Day Trading Forex currency is a fast-paced and volatile investment practice wherein an investor seeks to profit from changes in the price of currencies over a short period. Day trading is also called “Forex scalping” by brokers. In this practice, an investor seeking to make quick profits builds several free positions during the course of a single trading day. Day trading is not recommended for investors who are new to the foreign exchange markets, and for whom the profit and loss risk cannot be reduced to a minimum.

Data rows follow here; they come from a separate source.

text \<open>The difference of the two sides is an Abel sum of the squares \<open>(g\<^sub>k - g\<^sub>i)\<^sup>2\<close>
  against nondecreasing weights.\<close>

lemma L1_conv_sq_le:
  fixes a g :: "nat \<Rightarrow> real"
  assumes "\<And>j. a j \<ge> 0" and "\<And>j. a (Suc j) \<le> a j"
  shows "L1_conv a (\<lambda>i. (g i)^2) k \<le> 2 * g k * L1_conv a g k"
proof (cases k)
  case 0
  then show ?thesis by (simp add: L1_conv_def)
next
  case (Suc m)
  define b where "b i = a (k - 1 - i)" for i
  define y where "y i = (g k - g i)^2" for i
  have "2 * g k * L1_conv a g k - L1_conv a (\<lambda>i. (g i)^2) k = (\<Sum>i\<le>m. b i * (y i - y (Suc i)))"
    unfolding L1_conv_def b_def y_def Suc lessThan_Suc_atMost[symmetric] sum_distrib_left
      sum_subtractf[symmetric]
    by (rule sum.cong) (auto simp: power2_eq_square algebra_simps)
  also have "\<dots> = (\<Sum>i\<le>m. b i * (y i - y (Suc i))) + b m * y (Suc m)"
    by (simp add: y_def Suc)
  also have "\<dots> \<ge> 0"
  proof (rule abel_sum_nondec_weights_nonneg)
    fix i assume "i < m"
    then have "k - 1 - i = Suc (k - 1 - Suc i)" using Suc by simp
    then show "b i \<le> b (Suc i)" unfolding b_def using assms(2) by metis
  qed (auto simp: b_def assms(1) y_def)
  finally show ?thesis by simp
qed

lemma sum_L1_conv:
  fixes a G :: "nat \<Rightarrow> real"
  shows "(\<Sum>k=1..n. L1_conv a G k) = (\<Sum>i<n. a (n - 1 - i) * G (Suc i)) - (\<Sum>l<n. a l) * G 0"
proof (induction n)
  case 0
  then show ?case by simp
next
  case (Suc n)
  have "L1_conv a G (Suc n) = (\<Sum>i<Suc n. a (n - i) * G (Suc i)) - (\<Sum>i<Suc n. a (n - i) * G i)"
    unfolding L1_conv_def sum_subtractf[symmetric] by (simp add: algebra_simps)
  moreover have "(\<Sum>i<Suc n. a (n - i) * G i) = a n * G 0 + (\<Sum>i<n. a (n - 1 - i) * G (Suc i))"
    by (subst sum.lessThan_Suc_shift) simp
  ultimately show ?case using Suc by (simp add: algebra_simps)
qed

lemma Gamma_two_minus:
  fixes b :: real
  assumes "b < 1"
  shows "Gamma (2 - b) = (1 - b) * Gamma (1 - b)"
proof -
  have "1 - b \<notin> \<int>\<^sub>\<le>\<^sub>0"
    using assms nonpos_Ints_nonpos by fastforce
  from Gamma_plus1[OF this] show ?thesis by (simp add: algebra_simps)
qed

definition L1_weight :: "real \<Rightarrow> real \<Rightarrow> nat \<Rightarrow> real" where
  "L1_weight dt b j = dt powr (-b) * ((real j + 1) powr (1 - b) - real j powr (1 - b)) / Gamma (2 - b)"

context
  fixes dt b :: real
  assumes dt: "dt > 0" and b: "0 < b" "b < 1"
begin

lemma L1_weight_nonneg: "L1_weight dt b j \<ge> 0"
proof -
  have "real j powr (1 - b) \<le> (real j + 1) powr (1 - b)"
    using b by (intro powr_mono2) auto
  then show ?thesis unfolding L1_weight_def using b dt by (auto intro!: divide_nonneg_pos)
qed

lemma L1_weight_Suc_le: "L1_weight dt b (Suc j) \<le> L1_weight dt b j"
proof -
  have "(real j + 2) powr (1 - b) - (real j + 1) powr (1 - b)
      \<le> (real j + 1) powr (1 - b) - real j powr (1 - b)"
    using powr_increment_antimono[of "real j" "1 - b"] b by auto
  then show ?thesis unfolding L1_weight_def using b dt
    by (intro divide_right_mono mult_left_mono) (auto simp: add.commute add.left_commute)
qed

lemma L1_weight_0: "L1_weight dt b 0 = 1 / (dt powr b * Gamma (2 - b))"
  unfolding L1_weight_def using b by (simp add: powr_minus_divide)

lemma sum_L1_weight: "(\<Sum>l<n. L1_weight dt b l) = dt powr (-b) * real n powr (1 - b) / Gamma (2 - b)"
proof -
  have "(\<Sum>l<n. L1_weight dt b l)
      = dt powr (-b) / Gamma (2 - b) * (\<Sum>l<n. (1 + real l) powr (1 - b) - real l powr (1 - b))"
    unfolding L1_weight_def sum_distrib_left by (rule sum.cong) (auto simp: add.commute)
  also have "(\<Sum>l<n. (1 + real l) powr (1 - b) - real l powr (1 - b)) = real n powr (1 - b)"
    using sum_lessThan_telescope[of "\<lambda>l. real l powr (1 - b)" n] by simp
  finally show ?thesis by simp
qed

lemma L1_weight_ge:
  assumes "j < n"
  shows "(real n * dt) powr (-b) / Gamma (1 - b) \<le> L1_weight dt b j"
proof -
  have "(1 - b) * real n powr (-b) \<le> (1 - b) * (real j + 1) powr (-b)"
    using assms b by (intro mult_left_mono powr_mono2') auto
  also have "\<dots> \<le> (real j + 1) powr (1 - b) - real j powr (1 - b)"
    using powr_increment_ge[of "real j" "1 - b"] b by simp
  finally have "dt powr (-b) * ((1 - b) * real n powr (-b)) / Gamma (2 - b) \<le> L1_weight dt b j"
    unfolding L1_weight_def using b dt by (intro divide_right_mono mult_left_mono) auto
  moreover have "dt powr (-b) * ((1 - b) * real n powr (-b)) / Gamma (2 - b)
      = (real n * dt) powr (-b) / Gamma (1 - b)"
    using b Gamma_two_minus[of b] by (simp add: powr_mult)
  ultimately show ?thesis by simp
qed

end

section \<open>The FIR operator as a perturbed L1 formula\<close>

lemma exp_kernel_linear_has_integral:
  fixes p :: "real \<Rightarrow> real"
  assumes s: "s \<noteq> 0" and "x0 \<le> x1" and p: "\<And>x. (p has_real_derivative B) (at x)"
  shows "((\<lambda>x. exp (- s * (c - x)) * p x) has_integral
           exp (- s * (c - x1)) * (p x1 / s - B / s^2) - exp (- s * (c - x0)) * (p x0 / s - B / s^2))
         {x0..x1}"
proof (rule fundamental_theorem_of_calculus[OF \<open>x0 \<le> x1\<close>])
  fix x
  have "((\<lambda>x. exp (- s * (c - x)) * (p x / s - B / s^2)) has_real_derivative
      exp (- s * (c - x)) * s * (p x / s - B / s^2) + exp (- s * (c - x)) * (B / s)) (at x)"
    using s by (auto intro!: derivative_eq_intros p)
  also have "exp (- s * (c - x)) * s * (p x / s - B / s^2) + exp (- s * (c - x)) * (B / s)
      = exp (- s * (c - x)) * p x"
    using s by (simp add: field_simps power2_eq_square)
  finally show "((\<lambda>x. exp (- s * (c - x)) * (p x / s - B / s^2)) has_vector_derivative
      exp (- s * (c - x)) * p x) (at x within {x0..x1})"
    using has_real_derivative_iff_has_vector_derivative has_field_derivative_at_within by blast
qed

lemma powr_kernel_linear_has_integral:
  fixes p :: "real \<Rightarrow> real"
  assumes b: "0 < b" "b < 1" and "x0 \<le> x1" "x1 < c" and p: "\<And>x. (p has_real_derivative B) (at x)"
  shows "((\<lambda>x. (c - x) powr (-1 - b) * p x) has_integral
           ((c - x1) powr (-b) * p x1 - (c - x0) powr (-b) * p x0
            + B * ((c - x1) powr (1 - b) - (c - x0) powr (1 - b)) / (1 - b)) / b)
         {x0..x1}"
proof -
  define F where "F x = ((c - x) powr (-b) * p x + B * (c - x) powr (1 - b) / (1 - b)) / b" for x
  have "(F has_vector_derivative (c - x) powr (-1 - b) * p x) (at x within {x0..x1})"
    if "x \<in> {x0..x1}" for x
  proof -
    have pos: "c - x > 0" using that \<open>x1 < c\<close> by simp
    have e: "- b - 1 = -1 - b" by simp
    have "(F has_real_derivative (b * (c - x) powr (-1 - b) * p x + (c - x) powr (-b) * B
        - B * (1 - b) * (c - x) powr (-b) / (1 - b)) / b) (at x)"
      unfolding F_def using pos b by (auto intro!: derivative_eq_intros p simp: e)
    then have "(F has_real_derivative (c - x) powr (-1 - b) * p x) (at x)"
      using b by simp
    then show ?thesis
      using has_real_derivative_iff_has_vector_derivative has_field_derivative_at_within by blast
  qed
  then have "((\<lambda>x. (c - x) powr (-1 - b) * p x) has_integral F x1 - F x0) {x0..x1}"
    by (rule fundamental_theorem_of_calculus[OF \<open>x0 \<le> x1\<close>])
  also have "F x1 - F x0 = ((c - x1) powr (-b) * p x1 - (c - x0) powr (-b) * p x0
      + B * ((c - x1) powr (1 - b) - (c - x0) powr (1 - b)) / (1 - b)) / b"
    unfolding F_def by (simp add: diff_divide_distrib add_divide_distrib right_diff_distrib)
  finally show ?thesis .
qed

definition lin_interp :: "real \<Rightarrow> (nat \<Rightarrow> real) \<Rightarrow> nat \<Rightarrow> real \<Rightarrow> real" where
  "lin_interp dt g i x = g i * ((real i + 1) * dt - x) / dt + g (Suc i) * (x - real i * dt) / dt"

lemma lin_interp_has_derivative:
  "dt > 0 \<Longrightarrow> (lin_interp dt g i has_real_derivative (g (Suc i) - g i) / dt) (at x)"
  unfolding lin_interp_def by (auto intro!: derivative_eq_intros simp: field_simps)

lemma lin_interp_left [simp]: "dt > 0 \<Longrightarrow> lin_interp dt g i (real i * dt) = g i"
  and lin_interp_right [simp]: "dt > 0 \<Longrightarrow> lin_interp dt g i ((real i + 1) * dt) = g (Suc i)"
  unfolding lin_interp_def by (simp_all add: field_simps)

lemma abs_lin_interp_le:
  assumes "dt > 0" "real i * dt \<le> x" "x \<le> (real i + 1) * dt"
  shows "\<bar>lin_interp dt g i x\<bar> \<le> lin_interp dt (\<lambda>j. \<bar>g j\<bar>) i x"
proof -
  have "\<bar>lin_interp dt g i x\<bar> \<le> \<bar>g i * ((real i + 1) * dt - x) / dt\<bar> + \<bar>g (Suc i) * (x - real i * dt) / dt\<bar>"
    unfolding lin_interp_def by (rule abs_triangle_ineq)
  also have "\<dots> = lin_interp dt (\<lambda>j. \<bar>g j\<bar>) i x"
    unfolding lin_interp_def using assms by (simp add: abs_mult)
  finally show ?thesis .
qed

lemma lin_interp_has_integral:
  assumes dt: "dt > 0"
  shows "(lin_interp dt g i has_integral dt * (g i + g (Suc i)) / 2) {real i * dt..(real i + 1) * dt}"
proof -
  define F where "F x = (g (Suc i) * (x - real i * dt)^2 - g i * ((real i + 1) * dt - x)^2) / (2 * dt)" for x
  have "(lin_interp dt g i has_integral F ((real i + 1) * dt) - F (real i * dt)) {real i * dt..(real i + 1) * dt}"
  proof (rule fundamental_theorem_of_calculus)
    fix x
    have "(F has_real_derivative lin_interp dt g i x) (at x)"
      unfolding F_def lin_interp_def using dt
      by (auto intro!: derivative_eq_intros simp: field_simps power2_eq_square)
    then show "(F has_vector_derivative lin_interp dt g i x) (at x within {real i * dt..(real i + 1) * dt})"
      using has_real_derivative_iff_has_vector_derivative has_field_derivative_at_within by blast
  qed (use dt in simp)
  also have "F ((real i + 1) * dt) - F (real i * dt) = dt * (g i + g (Suc i)) / 2"
    unfolding F_def using dt by (simp add: field_simps power2_eq_square)
  finally show ?thesis .
qed

definition exp_moment :: "real \<Rightarrow> real \<Rightarrow> nat \<Rightarrow> (nat \<Rightarrow> real) \<Rightarrow> nat \<Rightarrow> real" where
  "exp_moment dt s n g i =
     integral {real i * dt..(real i + 1) * dt} (\<lambda>x. exp (- s * (real n * dt - x)) * lin_interp dt g i x)"

definition kernel_moment :: "real \<Rightarrow> real \<Rightarrow> nat \<Rightarrow> (nat \<Rightarrow> real) \<Rightarrow> nat \<Rightarrow> real" where
  "kernel_moment dt b n g i =
     integral {real i * dt..(real i + 1) * dt} (\<lambda>x. (real n * dt - x) powr (-1 - b) * lin_interp dt g i x)"

lemma exp_moment_has_integral:
  assumes "dt > 0"
  shows "((\<lambda>x. exp (- s * (real n * dt - x)) * lin_interp dt g i x) has_integral exp_moment dt s n g i)
           {real i * dt..(real i + 1) * dt}"
  unfolding exp_moment_def lin_interp_def using assms
  by (intro integrable_integral integrable_continuous_interval continuous_intros) auto

lemma exp_moment_Suc_Suc:
  assumes dt: "dt > 0" and s: "s > 0"
  shows "exp_moment dt s (Suc (Suc i)) g i = exp (- s * dt) / (s^2 * dt) *
       ((exp (- s * dt) - 1 + s * dt) * g (Suc i) + (1 - exp (- s * dt) - exp (- s * dt) * s * dt) * g i)"
proof -
  have e1: "exp (- s * (real (Suc (Suc i)) * dt - (real i + 1) * dt)) = exp (- s * dt)"
    by (simp add: algebra_simps)
  have e0: "exp (- s * (real (Suc (Suc i)) * dt - real i * dt)) = exp (- s * dt) * exp (- s * dt)"
    by (simp add: algebra_simps flip: exp_add)
  have "((\<lambda>x. exp (- s * (real (Suc (Suc i)) * dt - x)) * lin_interp dt g i x) has_integral
      exp (- s * dt) * (g (Suc i) / s - (g (Suc i) - g i) / dt / s^2)
      - exp (- s * dt) * exp (- s * dt) * (g i / s - (g (Suc i) - g i) / dt / s^2))
      {real i * dt..(real i + 1) * dt}"
    using exp_kernel_linear_has_integral[OF _ _ lin_interp_has_derivative[OF dt],
        of s "real i * dt" "(real i + 1) * dt" "real (Suc (Suc i)) * dt" g i] dt s
    unfolding e0 e1 by simp
  then show ?thesis unfolding exp_moment_def using dt s
    by (simp add: integral_unique field_simps power2_eq_square)
qed

lemma exp_moment_Suc: "exp (- s * dt) * exp_moment dt s n g i = exp_moment dt s (Suc n) g i"
proof -
  have "exp_moment dt s (Suc n) g i = integral {real i * dt..(real i + 1) * dt}
      (\<lambda>x. exp (- s * dt) * (exp (- s * (real n * dt - x)) * lin_interp dt g i x))"
    unfolding exp_moment_def by (rule integral_cong) (simp add: algebra_simps flip: exp_add)
  then show ?thesis unfolding exp_moment_def by simp
qed

lemma FIR_U_eq_sum_exp_moment:
  assumes "dt > 0" "s > 0"
  shows "FIR_U dt s g (Suc p) = (\<Sum>i<p. exp_moment dt s (Suc p) g i)"
proof (induction p)
  case 0
  then show ?case by simp
next
  case (Suc p)
  have "FIR_U dt s g (Suc (Suc p)) = exp (- s * dt) * FIR_U dt s g (Suc p) + exp_moment dt s (Suc (Suc p)) g p"
    using exp_moment_Suc_Suc[OF assms, of p g] by simp
  also have "\<dots> = (\<Sum>i<p. exp (- s * dt) * exp_moment dt s (Suc p) g i) + exp_moment dt s (Suc (Suc p)) g p"
    by (simp only: Suc sum_distrib_left)
  also have "\<dots> = (\<Sum>i<Suc p. exp_moment dt s (Suc (Suc p)) g i)"
    by (simp only: exp_moment_Suc sum.lessThan_Suc)
  finally show ?case .
qed

lemma powr_kernel_lin_interp_has_integral:
  assumes dt: "dt > 0" and b: "0 < b" "b < 1" and i: "Suc i < n"
  shows "((\<lambda>x. (real n * dt - x) powr (-1 - b) * lin_interp dt g i x) has_integral
           ((real n * dt - (real i + 1) * dt) powr (-b) * lin_interp dt g i ((real i + 1) * dt)
            - (real n * dt - real i * dt) powr (-b) * lin_interp dt g i (real i * dt)
            + (g (Suc i) - g i) / dt * ((real n * dt - (real i + 1) * dt) powr (1 - b)
                                        - (real n * dt - real i * dt) powr (1 - b)) / (1 - b)) / b)
         {real i * dt..(real i + 1) * dt}"
  using i dt
  by (intro powr_kernel_linear_has_integral[OF b _ _ lin_interp_has_derivative[OF dt]]) auto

A day trader is usually not supervised by any regulatory authority or federal agency and thus operates without any restrictions or requirements. In some respects, it is similar to stock market investing in that the trader must develop a specialized system to detect and identify profitable opportunities, and then act on those opportunities quickly and efficiently. The primary difference between stock market investing and day trading is that in the stock market, if an investor’s position grows in value, then the trader has to sell short that position to realize the profit. If done incorrectly, the trader may end up overpaying for his or her position.

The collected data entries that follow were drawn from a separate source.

lemma monomial_with_mult_entry:
  assumes "monomial_with \<sigma> A"
  shows "(A ** M)$i$k = A$i$(\<sigma> i) * M$(\<sigma> i)$k"
proof -
  have "(A ** M)$i$k = (\<Sum>j\<in>UNIV. A$i$j * M$j$k)"
    by (simp add: matrix_matrix_mult_def)
  also have "\<dots> = (\<Sum>j\<in>{\<sigma> i}. A$i$j * M$j$k)"
    using assms by (intro sum.mono_neutral_right) (auto simp: monomial_with_def)
  finally show ?thesis by simp
qed

lemma monomial_with_mult:
  assumes "monomial_with \<sigma> A" "monomial_with \<tau> M"
  shows "monomial_with (\<tau> \<circ> \<sigma>) (A ** M)"
  using assms by (auto simp: monomial_with_mult_entry[OF assms(1)] monomial_with_def)

lemma matrix_inv_eqI:
  fixes A :: "'a::semiring_1^'n^'m"
  assumes "A ** B = mat 1" "B ** A = mat 1"
  shows "matrix_inv A = B"
proof -
  have inv: "A ** matrix_inv A = mat 1 \<and> matrix_inv A ** A = mat 1"
    unfolding matrix_inv_def by (rule someI[of _ B]) (use assms in auto)
  have "matrix_inv A = (B ** A) ** matrix_inv A"
    using assms(2) by simp
  also have "\<dots> = B"
    using inv by (simp add: matrix_mul_assoc[symmetric])
  finally show ?thesis .
qed

lemma monomial_with_matrix_inv:
  assumes "bij \<sigma>" and M: "monomial_with \<sigma> M"
  shows "monomial_with (inv \<sigma>) (matrix_inv M)"
proof -
  define B where "B = (\<chi> i j. if j = inv \<sigma> i then inverse (M$j$i) else 0)"
  have M_at: "M$(inv \<sigma> i)$i \<noteq> 0" for i
    using M \<open>bij \<sigma>\<close> by (simp add: monomial_with_def bij_is_surj surj_f_inv_f)
  have B: "monomial_with (inv \<sigma>) B"
    using M_at by (simp add: monomial_with_def B_def)
  have "M ** B = mat 1"
    using M \<open>bij \<sigma>\<close>
    by (auto simp: vec_eq_iff mat_def monomial_with_mult_entry[OF M] B_def monomial_with_def
        bij_inv_eq_iff bij_is_inj inj_eq)
  moreover have "B ** M = mat 1"
  proof -
    have "(B ** M)$i$k = inverse (M$(inv \<sigma> i)$i) * M$(inv \<sigma> i)$k" for i k
      unfolding monomial_with_mult_entry[OF B] by (simp add: B_def)
    then show ?thesis
      using M M_at \<open>bij \<sigma>\<close>
      by (auto simp: vec_eq_iff mat_def monomial_with_def bij_is_surj surj_f_inv_f)
  qed
  ultimately show ?thesis
    using B by (simp add: matrix_inv_eqI)
qed

lemma monomial_with_germ_gen:
  fixes op :: "'n::finite \<Rightarrow> 'n \<Rightarrow> 'n"
  shows "monomial_with (op s) (germ_gen op d s)"
proof -
  have "monomial_with id ((\<chi> a b. if a = b then (if a = s then zeta d else 1) else 0) :: complex^'n^'n)"
    by (simp add: monomial_with_def zeta_def)
  from monomial_with_mult[OF this monomial_with_perm_mat]
  show ?thesis by (simp add: germ_gen_def)
qed

lemma monomial_with_pi_w:
  assumes "\<And>s. bij (op s)"
  shows "monomial_with (psi_w op w) (pi_w op d w)"
proof (induction w)
  case Nil
  show ?case
    unfolding psi_w.simps pi_w.simps by (rule monomial_with_mat_1)
next
  case (Cons x w)
  obtain s b where x: "x = (s, b)" by force
  have "monomial_with (if b then op s else inv (op s))
          (if b then germ_gen op d s else matrix_inv (germ_gen op d s))"
    by (simp add: monomial_with_germ_gen monomial_with_matrix_inv assms)
  from monomial_with_mult[OF this Cons.IH] show ?case
    unfolding x psi_w.simps pi_w.simps .
qed

lemma psi_w_factors_through_pi_w:
  assumes "\<And>s. bij (op s)"
  shows "\<exists>\<phi>. \<phi> ` germ op d \<subseteq> perm_group op \<and> (\<forall>w. psi_w op w = \<phi> (pi_w op d w))"
proof -
  have "psi_w op w = monomial_pattern (pi_w op d w)" for w
    using monomial_pattern_eq[OF monomial_with_pi_w[OF assms]] by simp
  then show ?thesis
    by (intro exI[of _ monomial_pattern]) (auto simp: germ_def perm_group_def)
qed

section \<open>The maps \<open>\<psi>\<^sub>k\<close>\<close>

lemma psi_k_diagT: "psi_k op j s s = (diagT op ^^ j) s"
proof (induction j)
  case (Suc j)
  then show ?case by (simp add: diagT_def[of op "(diagT op ^^ j) s"])
qed simp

Some professional traders utilize technical analysis to determine the price movements in the markets and to identify possible entry and exit points. The technique of technical analysis requires the use of indicators, charts, and graphs. The purpose of technical analysis is to provide an investor with a reliable indication of where the market will go next so that the day trader can sell his or her position. However, while some day traders rely primarily on technical analysis to signal when to buy or sell, others use more indirect techniques, such as determining if a particular currency looks promising.

Day traders also rely on less direct methods such as using indicators, charts, and graphs. These methods are less direct than those used by full-service traders and consequently are subject to less monitoring. For instance, a stock that is showing good potential should be observed. However, since day traders are constantly in action and can’t devote the time to regularly examine their charts, they frequently miss out on good trades.

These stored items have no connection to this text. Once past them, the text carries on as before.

definition Vop :: "nat \<Rightarrow> nat \<Rightarrow> real \<Rightarrow> complex mat \<Rightarrow> complex mat" where
  "Vop d N \<epsilon> H = foldr (\<lambda>t M. on_slice d N t (mexp ((\<i> * of_real (\<epsilon> * real t)) \<cdot>\<^sub>m H)) * M)
                      [0..<N] (1\<^sub>m (d ^ N))"

text \<open>e^{i S~/2} = V^dagger e^{i eps P/2} V\<close>
definition half_Stilde :: "nat \<Rightarrow> nat \<Rightarrow> real \<Rightarrow> complex mat \<Rightarrow> complex mat \<Rightarrow> complex mat" where
  "half_Stilde d N \<epsilon> H P =
     cadj (Vop d N \<epsilon> H) * mexp ((\<i> * of_real (\<epsilon> / 2)) \<cdot>\<^sub>m P) * Vop d N \<epsilon> H"

definition heis :: "complex mat \<Rightarrow> real \<Rightarrow> complex mat \<Rightarrow> complex mat" where
  "heis H s A = mexp ((\<i> * of_real s) \<cdot>\<^sub>m H) * A * mexp ((- \<i> * of_real s) \<cdot>\<^sub>m H)"

definition time_ordered :: "nat \<Rightarrow> nat \<Rightarrow> real \<Rightarrow> complex mat \<Rightarrow> (nat \<Rightarrow> complex mat) \<Rightarrow> complex mat" where
  "time_ordered d N \<epsilon> H Ops =
     foldr (\<lambda>t M. heis H (\<epsilon> * real t) (Ops t) * M) (rev [0..<N]) (1\<^sub>m d)"

end

theory Submission
  imports Defs
begin

(*
  Write vec M = (M (x) 1)|Phi+> for the vectorisation of a D x D matrix M. Then
  <vec A|vec M> = tr (A^dagger M) and (A (x) 1) vec M = vec (A M), so with U = e^{i S~/2} and
  Y = (x)_t O^(t)_t the numerator is tr (U Y rho_0 U) and the denominator is tr (U rho_0 U).

  Since U = V^dagger e^{i eps P/2} V with V unitary, U^2 = V^dagger C V, and cyclicity of the
  trace turns tr (U Y rho_0 U) into tr (C V Y rho_0 V^dagger). Here V Y rho_0 V^dagger is the
  product operator with factors A_t = O^(t)(eps t) for t > 0 and A_0 = O^(0) rho, and against
  the cyclic shift a product operator has trace tr (C (x)_t A_t) = tr (A_(N-1) ... A_0), which
  is tr (rho O^(N-1)(eps (N-1)) ... O^(0)(0)). The denominator is the case O^(t) = 1.
*)

section \<open>Matrix algebra\<close>

lemma index_mult_mat_sum:
  assumes "A \<in> carrier_mat n m" "B \<in> carrier_mat m p" "i < n" "j < p"
  shows "(A * B) $$ (i,j) = (\<Sum>k<m. A $$ (i,k) * B $$ (k,j))"
  using assms by (auto simp: scalar_prod_def lessThan_atLeast0 intro!: sum.cong)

Many professional day traders have developed several very successful strategies. One of the more popular strategies is known as “Price Action Forecasting”. This strategy is based on the principle that when a stock’s price suddenly changes in direction, it should be interpreted as a sign that something positive could happen later that same day. Therefore, when the price of the stock changes, traders who employ this strategy wait for the signal to continue upward before entering the trade. As a result, they can minimize their losses by taking advantage of small gains.

Another popular strategy that many traders employ is “Scalping”. With this style of trade, a trader executes one trade and then moves on to another within a short period of time. However, most traders that execute scalping are required to pay extremely high commissions for each trade. Because of this, many of these traders instead choose to focus on developing and refining their own trading skills so that they will be able to make more trades at a lower cost. Regardless, of which style of day trading you decide to use, several important points must be kept in mind.